Reputation: 666
I'm pretty sure it's a feature, not a bug, but I would like to know if there is a way to make sklearn
and statsmodels
match in their logit estimates. A very simple example:
import numpy as np
import statsmodels.formula.api as sm
from sklearn.linear_model import LogisticRegression
np.random.seed(123)
n = 100
y = np.random.random_integers(0, 1, n)
x = np.random.random((n, 2))
# Constant term
x[:, 0] = 1.
The estimates with statsmodels
:
sm_lgt = sm.Logit(y, x).fit()
Optimization terminated successfully.
Current function value: 0.675320
Iterations 4
print sm_lgt.params
[ 0.38442 -1.1429183]
And the estimates with sklearn
:
sk_lgt = LogisticRegression(fit_intercept=False).fit(x, y)
print sk_lgt.coef_
[[ 0.16546794 -0.72637982]]
I think it's got to do with the implementation in sklearn
, which uses some sort of regularization. Is there an option to estimate a barebones logit as in statsmodels
(it's substantially faster and scales much more nicely). Also, does sklearn
provide inference (standard errors) or marginal effects?
Upvotes: 4
Views: 5353
Reputation: 5698
As an additional note, I was struggling with difference in results when my matrix was collinear.

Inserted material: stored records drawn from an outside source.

definition is_distribution :: "('s::finite \<Rightarrow> real) \<Rightarrow> bool" where
  "is_distribution rho \<longleftrightarrow> (\<forall>s. rho s \<ge> 0) \<and> (\<Sum>s\<in>UNIV. rho s) = 1"

fun state_dist :: "('s::finite \<Rightarrow> 'a::finite \<Rightarrow> 's \<Rightarrow> real) \<Rightarrow> ('s \<Rightarrow> 'a \<Rightarrow> real)
    \<Rightarrow> 's \<Rightarrow> nat \<Rightarrow> 's \<Rightarrow> real" where
  "state_dist P pol s 0 s' = (if s' = s then 1 else 0)"
| "state_dist P pol s (Suc t) s' =
     (\<Sum>u\<in>UNIV. state_dist P pol s t u * (\<Sum>a\<in>UNIV. pol u a * P u a s'))"

definition pol_cost :: "('s::finite \<Rightarrow> 'a::finite \<Rightarrow> real) \<Rightarrow> ('s \<Rightarrow> 'a \<Rightarrow> real) \<Rightarrow> 's \<Rightarrow> real" where
  "pol_cost c pol u = (\<Sum>a\<in>UNIV. pol u a * c u a)"

definition Vf :: "('s::finite \<Rightarrow> 'a::finite \<Rightarrow> 's \<Rightarrow> real) \<Rightarrow> ('s \<Rightarrow> 'a \<Rightarrow> real) \<Rightarrow> real
    \<Rightarrow> ('s \<Rightarrow> 'a \<Rightarrow> real) \<Rightarrow> 's \<Rightarrow> real" where
  "Vf P c \<gamma> pol s = (\<Sum>t. \<gamma> ^ t * (\<Sum>u\<in>UNIV. state_dist P pol s t u * pol_cost c pol u))"

text \<open>Q^pol(s,a) = E[sum_t gamma^t c(s_t,a_t) | s_0 = s, a_0 = a]: the first step
  costs c(s,a), after which the chain starts afresh from s_1 ~ P(.|s,a).\<close>
definition Qf :: "('s::finite \<Rightarrow> 'a::finite \<Rightarrow> 's \<Rightarrow> real) \<Rightarrow> ('s \<Rightarrow> 'a \<Rightarrow> real) \<Rightarrow> real
    \<Rightarrow> ('s \<Rightarrow> 'a \<Rightarrow> real) \<Rightarrow> 's \<Rightarrow> 'a \<Rightarrow> real" where
  "Qf P c \<gamma> pol s a = c s a + \<gamma> * (\<Sum>s'\<in>UNIV. P s a s' * Vf P c \<gamma> pol s')"

definition Af :: "('s::finite \<Rightarrow> 'a::finite \<Rightarrow> 's \<Rightarrow> real) \<Rightarrow> ('s \<Rightarrow> 'a \<Rightarrow> real) \<Rightarrow> real
    \<Rightarrow> ('s \<Rightarrow> 'a \<Rightarrow> real) \<Rightarrow> 's \<Rightarrow> 'a \<Rightarrow> real" where
  "Af P c \<gamma> pol s a = Qf P c \<gamma> pol s a - Vf P c \<gamma> pol s"

definition f_rho :: "('s::finite \<Rightarrow> 'a::finite \<Rightarrow> 's \<Rightarrow> real) \<Rightarrow> ('s \<Rightarrow> 'a \<Rightarrow> real) \<Rightarrow> real
    \<Rightarrow> ('s \<Rightarrow> real) \<Rightarrow> ('s \<Rightarrow> 'a \<Rightarrow> real) \<Rightarrow> real" where
  "f_rho P c \<gamma> rho pol = (\<Sum>s\<in>UNIV. rho s * Vf P c \<gamma> pol s)"

definition optimal_policy :: "('s::finite \<Rightarrow> 'a::finite \<Rightarrow> 's \<Rightarrow> real) \<Rightarrow> ('s \<Rightarrow> 'a \<Rightarrow> real) \<Rightarrow> real
    \<Rightarrow> ('s \<Rightarrow> 'a \<Rightarrow> real) \<Rightarrow> bool" where
  "optimal_policy P c \<gamma> polstar \<longleftrightarrow> is_policy polstar \<and>
     (\<forall>pol. is_policy pol \<longrightarrow> (\<forall>s. Vf P c \<gamma> polstar s \<le> Vf P c \<gamma> pol s))"

end

theory Submission
  imports Defs
begin

(* For any policy pi the gap D = V^pi - V^opt satisfies D = g + gamma M_pi D, where M_pi is the
   state-transition matrix of pi and g(s) = sum_a pi(a|s) A^opt(s,a) is its mean optimal advantage.
   Optimality makes every advantage A^opt(s,a) nonnegative, so g >= 0, and a discounted fixed point
   of a stochastic matrix with nonnegative source dominates its source: D >= g.  Hence
   f_rho(pi) - f_rho(pi_opt) >= rho(s) D(s) >= rho(s) pi(a|s) A^opt(s,a) for every pair (s,a),
   and the lower bound on A^opt(sb,ab) turns this into the claimed upper bound on pi(ab|sb). *)

definition stochastic_matrix :: "('s \<Rightarrow> 's \<Rightarrow> real) \<Rightarrow> bool" where
  "stochastic_matrix M \<longleftrightarrow> (\<forall>u v. 0 \<le> M u v) \<and> (\<forall>u. (\<Sum>v\<in>UNIV. M u v) = 1)"

lemma discounted_fixed_point_ge_source:
  fixes D g :: "'s::finite \<Rightarrow> real" and M :: "'s \<Rightarrow> 's \<Rightarrow> real"
  assumes M: "stochastic_matrix M" and "0 \<le> \<gamma>" and "\<gamma> < 1"
    and fixed_point: "\<And>u. D u = g u + \<gamma> * (\<Sum>v\<in>UNIV. M u v * D v)"
    and g_nonneg: "\<And>u. 0 \<le> g u"
  shows "g u \<le> D u"
proof -
  (* The minimum m of D is at least gamma * m, hence nonnegative, so the averages of D are too. *)
  define m where "m = Min (range D)"
  have m_le: "m \<le> D v" for v
    unfolding m_def by (rule Min_le) auto
  have "m \<in> range D"
    unfolding m_def by (rule Min_in) auto
  then obtain w where w: "D w = m"
    by auto
  have mean_ge: "m \<le> (\<Sum>v\<in>UNIV. M u v * D v)" for u
  proof -
    have "m = (\<Sum>v\<in>UNIV. M u v * m)"
      using M unfolding stochastic_matrix_def by (simp add: sum_distrib_right[symmetric])
    also have "\<dots> \<le> (\<Sum>v\<in>UNIV. M u v * D v)"
      using M unfolding stochastic_matrix_def by (intro sum_mono mult_left_mono m_le) auto
    finally show ?thesis .
  qed
  have "m \<ge> \<gamma> * m"
    using fixed_point[of w] w g_nonneg[of w] mult_left_mono[OF mean_ge[of w] \<open>0 \<le> \<gamma>\<close>]
    by linarith
  then have "0 \<le> (1 - \<gamma>) * m"
    by (simp add: algebra_simps)
  then have "0 \<le> m"
    using \<open>\<gamma> < 1\<close> by (simp add: zero_le_mult_iff)
  then show ?thesis
    using fixed_point[of u] mult_nonneg_nonneg[OF \<open>0 \<le> \<gamma>\<close> order_trans[OF _ mean_ge[of u]]]
    by linarith
qed

definition policy_kernel :: "('s::finite \<Rightarrow> 'a::finite \<Rightarrow> 's \<Rightarrow> real) \<Rightarrow> ('s \<Rightarrow> 'a \<Rightarrow> real)
    \<Rightarrow> 's \<Rightarrow> 's \<Rightarrow> real" where
  "policy_kernel P pol u v = (\<Sum>a\<in>UNIV. pol u a * P u a v)"

lemma stochastic_matrix_policy_kernel:
  assumes "stochastic_kernel P" and "is_policy pol"
  shows "stochastic_matrix (policy_kernel P pol)"
proof -
  have "(\<Sum>v\<in>UNIV. policy_kernel P pol u v) = (\<Sum>a\<in>UNIV. pol u a * (\<Sum>v\<in>UNIV. P u a v))" for u
    unfolding policy_kernel_def sum_distrib_left by (rule sum.swap)
  with assms show ?thesis
    unfolding stochastic_matrix_def stochastic_kernel_def is_policy_def policy_kernel_def
    by (auto intro!: sum_nonneg)
qed

lemma sum_policy_kernel_mult:
  "(\<Sum>v\<in>UNIV. policy_kernel P pol u v * F v) = (\<Sum>a\<in>UNIV. pol u a * (\<Sum>v\<in>UNIV. P u a v * F v))"
  unfolding policy_kernel_def sum_distrib_left sum_distrib_right mult.assoc by (rule sum.swap)

lemma state_dist_Suc:
  "state_dist P pol s (Suc t) v = (\<Sum>u\<in>UNIV. state_dist P pol s t u * policy_kernel P pol u v)"
  by (simp add: policy_kernel_def)

lemma state_dist_Suc_first_step:
  "state_dist P pol s (Suc t) v = (\<Sum>w\<in>UNIV. policy_kernel P pol s w * state_dist P pol w t v)"
proof (induction t arbitrary: v)
  case 0
  show ?case
    by (simp add: policy_kernel_def if_distrib[of "\<lambda>x. x * _"] if_distrib[of "\<lambda>x. _ * x"] cong: if_cong)
next
  case (Suc t)
  have "state_dist P pol s (Suc (Suc t)) v
      = (\<Sum>u\<in>UNIV. \<Sum>w\<in>UNIV. policy_kernel P pol s w * (state_dist P pol w t u * policy_kernel P pol u v))"
    unfolding state_dist_Suc[of _ _ _ "Suc t"] Suc sum_distrib_right by (simp add: mult.assoc)
  also have "\<dots> = (\<Sum>w\<in>UNIV. policy_kernel P pol s w * state_dist P pol w (Suc t) v)"
    unfolding state_dist_Suc[of _ _ _ t] sum_distrib_left by (rule sum.swap)
  finally show ?case .
qed

lemma state_dist_distribution:
  assumes "stochastic_kernel P" and "is_policy pol"
  shows "is_distribution (state_dist P pol s t)"
proof (induction t)
  case 0
  show ?case unfolding is_distribution_def by simp
next
  case (Suc t)
  have M: "stochastic_matrix (policy_kernel P pol)"
    using assms by (rule stochastic_matrix_policy_kernel)
  have "(\<Sum>v\<in>UNIV. state_dist P pol s (Suc t) v)
      = (\<Sum>u\<in>UNIV. state_dist P pol s t u * (\<Sum>v\<in>UNIV. policy_kernel P pol u v))"
    unfolding state_dist_Suc sum_distrib_left by (rule sum.swap)
  with Suc M show ?case
    unfolding is_distribution_def stochastic_matrix_def state_dist_Suc
    by (auto intro!: sum_nonneg)
qed

lemma Vf_bellman:
  assumes P: "stochastic_kernel P" and pol: "is_policy pol" and "0 \<le> \<gamma>" and "\<gamma> < 1"
  shows "Vf P c \<gamma> pol s = pol_cost c pol s + \<gamma> * (\<Sum>v\<in>UNIV. policy_kernel P pol s v * Vf P c \<gamma> pol v)"
proof -
  define e where "e t s = (\<Sum>u\<in>UNIV. state_dist P pol s t u * pol_cost c pol u)" for t s
  have V: "Vf P c \<gamma> pol s = (\<Sum>t. \<gamma> ^ t * e t s)" for s
    unfolding Vf_def e_def ..
  have e_0: "e 0 s = pol_cost c pol s"
    by (simp add: e_def if_distrib[of "\<lambda>x. x * _"] cong: if_cong)
  have e_Suc: "e (Suc t) s = (\<Sum>v\<in>UNIV. policy_kernel P pol s v * e t v)" for t s
    unfolding e_def state_dist_Suc_first_step sum_distrib_left sum_distrib_right mult.assoc
    by (rule sum.swap)
  have e_bound: "\<bar>e t s\<bar> \<le> (\<Sum>u\<in>UNIV. \<bar>pol_cost c pol u\<bar>)" for t s
  proof -
    have d: "is_distribution (state_dist P pol s t)"
      using P pol by (rule state_dist_distribution)
    then have "state_dist P pol s t u \<le> 1" for u
      unfolding is_distribution_def
      by (metis (no_types, lifting) UNIV_I finite_class.finite_UNIV member_le_sum)
    with d have "\<bar>state_dist P pol s t u * pol_cost c pol u\<bar> \<le> \<bar>pol_cost c pol u\<bar>" for u
      unfolding is_distribution_def by (simp add: abs_mult mult_left_le_one_le)
    then show ?thesis
      unfolding e_def by (rule order_trans[OF sum_abs sum_mono])
  qed
  have summable: "summable (\<lambda>t. \<gamma> ^ t * e t s)" for s
    by (rule summable_comparison_test[where g = "\<lambda>t. \<gamma> ^ t * (\<Sum>u\<in>UNIV. \<bar>pol_cost c pol u\<bar>)"])
       (use e_bound \<open>0 \<le> \<gamma>\<close> \<open>\<gamma> < 1\<close> in
         \<open>auto simp: abs_mult intro!: mult_left_mono summable_mult2 summable_geometric\<close>)
  have "(\<Sum>t. \<gamma> ^ Suc t * e (Suc t) s) = (\<Sum>t. \<gamma> * (\<Sum>v\<in>UNIV. policy_kernel P pol s v * (\<gamma> ^ t * e t v)))"
    by (simp add: e_Suc sum_distrib_left mult_ac)
  also have "\<dots> = \<gamma> * (\<Sum>v\<in>UNIV. \<Sum>t. policy_kernel P pol s v * (\<gamma> ^ t * e t v))"
    by (subst suminf_sum[symmetric]) (auto intro!: suminf_mult summable_sum summable_mult summable)
  also have "\<dots> = \<gamma> * (\<Sum>v\<in>UNIV. policy_kernel P pol s v * Vf P c \<gamma> pol v)"
    by (simp add: V suminf_mult summable)
  finally show ?thesis
    using suminf_split_head[OF summable[of s]] by (simp add: V e_0)
qed

lemma mean_advantage_eq:
  assumes pol: "is_policy pol"
  shows "(\<Sum>a\<in>UNIV. pol u a * Af P c \<gamma> sig u a)
    = pol_cost c pol u + \<gamma> * (\<Sum>v\<in>UNIV. policy_kernel P pol u v * Vf P c \<gamma> sig v) - Vf P c \<gamma> sig u"
proof -
  have "(\<Sum>a\<in>UNIV. pol u a * Af P c \<gamma> sig u a)
      = pol_cost c pol u + \<gamma> * (\<Sum>v\<in>UNIV. policy_kernel P pol u v * Vf P c \<gamma> sig v)
        - (\<Sum>a\<in>UNIV. pol u a) * Vf P c \<gamma> sig u"
    unfolding Af_def Qf_def pol_cost_def sum_policy_kernel_mult
    by (simp add: algebra_simps sum.distrib sum_subtractf sum_distrib_left sum_distrib_right)
  moreover have "(\<Sum>a\<in>UNIV. pol u a) = 1"
    using pol unfolding is_policy_def by blast
  ultimately show ?thesis
    by simp
qed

Obviously this means there should be some additional preprocessing to get reliable result, but I was still hoping to find out why I got a result with sklearn but statsmodels errored out.
Short answer: setting solver='bfgs'
when calling fit
in statsmodels gives almost identical results to the sklearn model, even in the case of collinear variables (once one has taken care of the fact that default for sm is no intercept, and default for sklearn fits the intercept)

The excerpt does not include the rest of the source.